Dataset items:
lemma divide_eq_recurrence:
  fixes L1 L2 N1 D1 N2 D2 N4 D4 Np Dp :: real
  assumes "D1 \<noteq> 0" "D2 \<noteq> 0" "D4 \<noteq> 0" "Dp \<noteq> 0" "L2 \<noteq> 0"
    and "N2 / D2 * (N1 / D1) - (1 - Np / Dp) * (1 - N4 / D4) \<noteq> 0"
    and "L1 * (N2 * N1 * Dp * D4 - (Dp - Np) * (D4 - N4) * D2 * D1)
       = L2 * (N2 * Dp * (N4 * D1 + N1 * D4 - D4 * D1))"
  shows "L1 / L2 = N2 / D2 * (N4 / D4 + N1 / D1 - 1) / (N2 / D2 * (N1 / D1) - (1 - Np / Dp) * (1 - N4 / D4))"
proof -
  define Q where "Q = N2 * N1 * Dp * D4 - (Dp - Np) * (D4 - N4) * D2 * D1"
  define R where "R = N2 * Dp * (N4 * D1 + N1 * D4 - D4 * D1)"
  define Z where "Z = D2 * D1 * Dp * D4"
  have Z: "Z \<noteq> 0"
    using assms(1-4) unfolding Z_def by simp
  have den: "N2 / D2 * (N1 / D1) - (1 - Np / Dp) * (1 - N4 / D4) = Q / Z"
    using assms(1-4) unfolding Q_def Z_def by (simp add: field_simps)
  have num: "N2 / D2 * (N4 / D4 + N1 / D1 - 1) = R / Z"
    using assms(1-4) unfolding R_def Z_def by (simp add: field_simps)
  have "Q \<noteq> 0"
    using assms(6) unfolding den by simp
  then have "L1 / L2 = R / Q"
    using assms(5,7) unfolding Q_def R_def by (simp add: frac_eq_eq mult.commute)
  then show ?thesis
    unfolding num den using Z by simp
qed

lemma corner_T3_even:
  fixes P :: "int \<Rightarrow> real^3"
  assumes nondeg: "det3 (P (i-3)) (P (i-1)) (P i) \<noteq> 0"
    and fin: "corner_finite (T3 P) (2*i)" "corner_finite P (2*i-4)" "corner_finite P (2*i-2)"
      "corner_finite P (2*i-1)" "corner_finite P (2*i+1)"
    and den: "corner P (2*i-2) * corner P (2*i-1) - (1 - corner P (2*i+1)) * (1 - corner P (2*i-4)) \<noteq> 0"
  shows "corner (T3 P) (2*i) = corner P (2*i-2) * (corner P (2*i-4) + corner P (2*i-1) - 1) /
           (corner P (2*i-2) * corner P (2*i-1) - (1 - corner P (2*i+1)) * (1 - corner P (2*i-4)))"
proof -
  have idx: "i-1-2 = i-3" "i-1-1 = i-2" "i-1+1 = i" "i-1+2 = i+1" "2*(i-1) = 2*i-2"
    "i-2-2 = i-4" "i-2-1 = i-3" "i-2+1 = i-1" "i-2+2 = i" "2*(i-2) = 2*i-4"
    "2*i-2+1 = 2*i-1" by simp_all
  note x4 = corner_even_eq[of P "i-2", unfolded idx, OF fin(2)]
  note x2 = corner_even_eq[of P "i-1", unfolded idx, OF fin(3)]
  note x1 = corner_odd_eq[of P "i-1", unfolded idx, OF fin(4)]
  note xp = corner_odd_eq[of P i, OF fin(5)]
  note x' = corner_T3_even_eq[OF fin(1)]
  show ?thesis
    unfolding x'(1) x4(1) x2(1) x1(1) xp(1)
    by (rule divide_eq_recurrence)
      (use x'(2) x4(2) x2(2) x1(2) xp(2) den[unfolded x4(1) x2(1) x1(1) xp(1)]
        T3_bracket_identity[OF nondeg] in simp_all)
qed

# [Work instructions]
Where in the records above does the word "real" appear? Copy each line that holds it.

# [Solved problem]
  fixes L1 L2 N1 D1 N2 D2 N4 D4 Np Dp :: real
  fixes P :: "int \<Rightarrow> real^3"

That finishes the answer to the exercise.